Is New York City’s Public Housing Ready for the Next Storm?

Is New York City’s Public Housing Ready for the Next Storm?

Is New York City’s Public Housing Ready for the Next Storm?

More than six years after Superstorm Sandy, and in an age of increasing climate uncertainty, the city’s public housing facilities are still dangerously vulnerable.


This article is by Sophie Kasakove, with photography by Tracie Williams.

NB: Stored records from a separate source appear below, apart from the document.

(* Let $W\in\mathcal{P}(\mathcal{Y}|\mathcal{X})$ with $C(W)>0$, $\delta>0$ and $\epsilon\in(0,1)$, and let $R_N=C(W)+\sqrt{V_\epsilon(W)/N}\,\Phi^{-1}(\epsilon)$. There is $N_{\mathrm o}(W,\epsilon,\delta)\in\mathbb{Z}^+$ such that for every $N\ge N_{\mathrm o}(W,\epsilon,\delta)$, every $(N,R_N)$ constant composition code whose common composition $Q_N$ belongs to $\mathcal{S}_3(\delta)$ has average error probability strictly greater than $\epsilon$.
   Context: $\mathcal{X},\mathcal{Y}$ finite; memoryless channel. An $(N,R)$ constant composition code: encoder $\{1,\dots,\lceil e^{NR}\rceil\}\to\mathcal{X}^N$ whose codewords all have the same empirical distribution (the common composition), and decoder $\mathcal{Y}^N\to\mathcal{M}$; average error over uniform messages. $C(W)$ capacity; $\Phi$ standard Gaussian CDF. $\mathcal{P}^*_W=\{P:I(P;W)=C(W)\}$; $\mathcal{S}_3(\delta)=\{P\in\mathcal{P}(\mathcal{X}):\min_{P^*\in\mathcal{P}^*_W}\|P-P^*\|_2>\delta\}$. $q_P(y)=\sum_xP(x)W(y|x)$, $V(P,W)=\sum_{x,y}P(x)W(y|x)[\ln\frac{W(y|x)}{q_P(y)}-\sum_bW(b|x)\ln\frac{W(b|x)}{q_P(b)}]^2$, $V_\epsilon(W)=\min_{Q\in\mathcal{P}^*_W}V(Q,W)$ for $\epsilon<1/2$ and $\max_{Q\in\mathcal{P}^*_W}V(Q,W)$ for $\epsilon\ge1/2$. *)

theory Defs
  imports "HOL-Probability.Probability"
begin

definition is_pd :: "('a::finite \<Rightarrow> real) \<Rightarrow> bool" where
  "is_pd P \<longleftrightarrow> (\<forall>x. P x \<ge> 0) \<and> (\<Sum>x\<in>UNIV. P x) = 1"

text \<open>Channel W y x = W(y|x): a stochastic matrix.\<close>
definition is_channel :: "('y::finite \<Rightarrow> 'x::finite \<Rightarrow> real) \<Rightarrow> bool" where
  "is_channel W \<longleftrightarrow> (\<forall>x. is_pd (\<lambda>y. W y x))"

definition outdist :: "('x::finite \<Rightarrow> real) \<Rightarrow> ('y::finite \<Rightarrow> 'x \<Rightarrow> real) \<Rightarrow> 'y \<Rightarrow> real" where
  "outdist P W y = (\<Sum>x\<in>UNIV. P x * W y x)"

definition mutual_info :: "('x::finite \<Rightarrow> real) \<Rightarrow> ('y::finite \<Rightarrow> 'x \<Rightarrow> real) \<Rightarrow> real" where
  "mutual_info P W = (\<Sum>x\<in>UNIV. \<Sum>y\<in>UNIV.
     (if P x * W y x = 0 then 0 else P x * W y x * ln (W y x / outdist P W y)))"

definition capacity :: "('y::finite \<Rightarrow> 'x::finite \<Rightarrow> real) \<Rightarrow> real" where
  "capacity W = (SUP P\<in>{P. is_pd P}. mutual_info P W)"

definition cap_achieving :: "('y::finite \<Rightarrow> 'x::finite \<Rightarrow> real) \<Rightarrow> ('x \<Rightarrow> real) set" where
  "cap_achieving W = {P. is_pd P \<and> mutual_info P W = capacity W}"

definition info_dens :: "('x::finite \<Rightarrow> real) \<Rightarrow> ('y::finite \<Rightarrow> 'x \<Rightarrow> real) \<Rightarrow> 'x \<Rightarrow> 'y \<Rightarrow> real" where
  "info_dens P W x y = (if W y x = 0 then 0 else ln (W y x / outdist P W y))"

definition cond_var :: "('x::finite \<Rightarrow> real) \<Rightarrow> ('y::finite \<Rightarrow> 'x \<Rightarrow> real) \<Rightarrow> real" where
  "cond_var P W = (\<Sum>x\<in>UNIV. \<Sum>y\<in>UNIV. P x * W y x *
     (info_dens P W x y - (\<Sum>b\<in>UNIV. W b x * info_dens P W x b))\<^sup>2)"

definition V_eps :: "real \<Rightarrow> ('y::finite \<Rightarrow> 'x::finite \<Rightarrow> real) \<Rightarrow> real" where
  "V_eps \<epsilon> W = (if \<epsilon> < 1/2 then (INF Q\<in>cap_achieving W. cond_var Q W)
                   else (SUP Q\<in>cap_achieving W. cond_var Q W))"

definition dist2 :: "('x::finite \<Rightarrow> real) \<Rightarrow> ('x \<Rightarrow> real) \<Rightarrow> real" where
  "dist2 P Q = sqrt (\<Sum>x\<in>UNIV. (P x - Q x)\<^sup>2)"

text \<open>S_3(delta): distributions at l2-distance more than delta from every capacity achieving one
  (the min over the compact set P^*_W is written as an Inf).\<close>
definition S3 :: "('y::finite \<Rightarrow> 'x::finite \<Rightarrow> real) \<Rightarrow> real \<Rightarrow> ('x \<Rightarrow> real) set" where
  "S3 W \<delta> = {P. is_pd P \<and> (INF Ps\<in>cap_achieving W. dist2 P Ps) > \<delta>}"

definition Phi :: "real \<Rightarrow> real" where
  "Phi t = (LINT s:{..t}|lborel. std_normal_density s)"

definition Phi_inv :: "real \<Rightarrow> real" where
  "Phi_inv e = (THE t. Phi t = e)"

definition composition :: "'x list \<Rightarrow> 'x \<Rightarrow> real" where
  "composition xs x = real (length (filter (\<lambda>z. z = x) xs)) / real (length xs)"

definition num_msgs :: "nat \<Rightarrow> real \<Rightarrow> nat" where
  "num_msgs N R = nat \<lceil>exp (real N * R)\<rceil>"

definition chan_prob :: "('y::finite \<Rightarrow> 'x \<Rightarrow> real) \<Rightarrow> 'x list \<Rightarrow> 'y list \<Rightarrow> real" where
  "chan_prob W xs ys = (\<Prod>i<length xs. W (ys ! i) (xs ! i))"

definition avg_error ::
  "('y::finite \<Rightarrow> 'x \<Rightarrow> real) \<Rightarrow> nat \<Rightarrow> nat \<Rightarrow> (nat \<Rightarrow> 'x list) \<Rightarrow> ('y list \<Rightarrow> nat) \<Rightarrow> real" where
  "avg_error W N M enc dec = (1 / real M) * (\<Sum>m\<in>{1..M}.
      \<Sum>ys\<in>{ys. length ys = N \<and> dec ys \<noteq> m}. chan_prob W (enc m) ys)"

text \<open>An (N,R) constant composition code with common composition Q (decoder values outside
  the message set count as errors).\<close>
definition cc_code ::
  "nat \<Rightarrow> real \<Rightarrow> ('x \<Rightarrow> real) \<Rightarrow> (nat \<Rightarrow> 'x list) \<Rightarrow> ('y list \<Rightarrow> nat) \<Rightarrow> bool" where
  "cc_code N R Q enc dec \<longleftrightarrow>
     (\<forall>m\<in>{1..num_msgs N R}. length (enc m) = N \<and> composition (enc m) = Q)"

end

theory Submission
  imports Defs
begin

(* The mutual information I(.;W) is continuous on the compact probability simplex and is maximised
   exactly on the capacity achieving distributions, so on S_3(delta) it stays below C(W) - eta for
   some eta > 0, while R_N tends to C(W). For a codeword x of composition Q put
   L(y) = sum_i ln (W(y_i|x_i) / q_Q(y_i)); then W^N(y|x) <= exp (L(y)) q_Q^N(y), and L has mean
   N I(Q;W) and variance O(N) under W^N(.|x). Splitting every decoding region according to whether
   L exceeds N I(Q;W) + t and applying Chebyshev's inequality gives
   1 - P_e <= O(N) / t^2 + exp (N I(Q;W) + t) / M with M >= exp (N R_N), and t = N eta / 4 makes
   the right hand side O(1/N). *)

lemma finite_lists_length_UNIV: "finite {ys :: 'a::finite list. length ys = n}"
  using finite_lists_length_eq[of "UNIV :: 'a set" n] by simp

lemma sum_lists_length_Suc:
  fixes F :: "'a::finite list \<Rightarrow> 'b::comm_monoid_add"
  shows "(\<Sum>ys | length ys = Suc n. F ys) = (\<Sum>y\<in>UNIV. \<Sum>ys | length ys = n. F (y # ys))"
proof -
  let ?cons = "\<lambda>(y, ys). y # ys"
  have "inj_on ?cons (UNIV \<times> {ys :: 'a list. length ys = n})"
    by (auto simp: inj_on_def)
  moreover have "{ys. length ys = Suc n} = ?cons ` (UNIV \<times> {ys. length ys = n})"
    by (auto simp: image_def length_Suc_conv)
  ultimately have "(\<Sum>ys | length ys = Suc n. F ys) = (\<Sum>p\<in>UNIV \<times> {ys. length ys = n}. F (?cons p))"
    using sum.reindex[unfolded comp_def] by metis
  then show ?thesis
    by (simp add: sum.cartesian_product case_prod_unfold)
qed

lemma sum_lists_length_prod:
  fixes f :: "nat \<Rightarrow> 'a::finite \<Rightarrow> 'b::comm_semiring_1"
  shows "(\<Sum>ys | length ys = n. \<Prod>i<n. f i (ys ! i)) = (\<Prod>i<n. \<Sum>y\<in>UNIV. f i y)"
proof (induction n arbitrary: f)
  case 0
  then show ?case by simp
next
  case (Suc n)
  have "(\<Sum>ys | length ys = Suc n. \<Prod>i<Suc n. f i (ys ! i))
      = (\<Sum>y\<in>UNIV. f 0 y * (\<Sum>ys | length ys = n. \<Prod>i<n. f (Suc i) (ys ! i)))"
    unfolding sum_lists_length_Suc prod.lessThan_Suc_shift by (simp add: sum_distrib_left)
  also have "\<dots> = (\<Prod>i<Suc n. \<Sum>y\<in>UNIV. f i y)"
    unfolding Suc.IH[of "\<lambda>i. f (Suc i)"] prod.lessThan_Suc_shift by (simp add: sum_distrib_right)
  finally show ?case .
qed

lemma is_pd_le_1: "is_pd P \<Longrightarrow> P x \<le> 1"
  unfolding is_pd_def using member_le_sum[of x UNIV P] by auto

lemma channel_nonneg: "is_channel W \<Longrightarrow> 0 \<le> W y x"
  by (simp add: is_channel_def is_pd_def)

lemma channel_le_1: "is_channel W \<Longrightarrow> W y x \<le> 1"
  using is_pd_le_1[of "\<lambda>y. W y x" y] by (simp add: is_channel_def)

lemma channel_sum_1: "is_channel W \<Longrightarrow> (\<Sum>y\<in>UNIV. W y x) = 1"
  by (simp add: is_channel_def is_pd_def)

lemma chan_prob_nonneg: "is_channel W \<Longrightarrow> 0 \<le> chan_prob W xs ys"
  unfolding chan_prob_def by (simp add: prod_nonneg channel_nonneg)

In the meeting room at Red Hook Initiative (RHI)—a Brooklyn community-development nonprofit dedicated to youth empowerment, social justice, and sustainability—a large painting hangs high up on the wall, bordered by the words “rebound and rebuild.” It shows the neighborhood of Red Hook in the aftermath of Superstorm Sandy, with waves crashing on a row of sandbags, as cans of food, light bulbs, and batteries lie strewn about haphazardly. Last summer, a group of residents of Red Hook’s public-housing developments, just across the street from RHI, gathered here for the orientation meeting of RHI’s 10-week emergency-preparedness training, called “Local Leaders.”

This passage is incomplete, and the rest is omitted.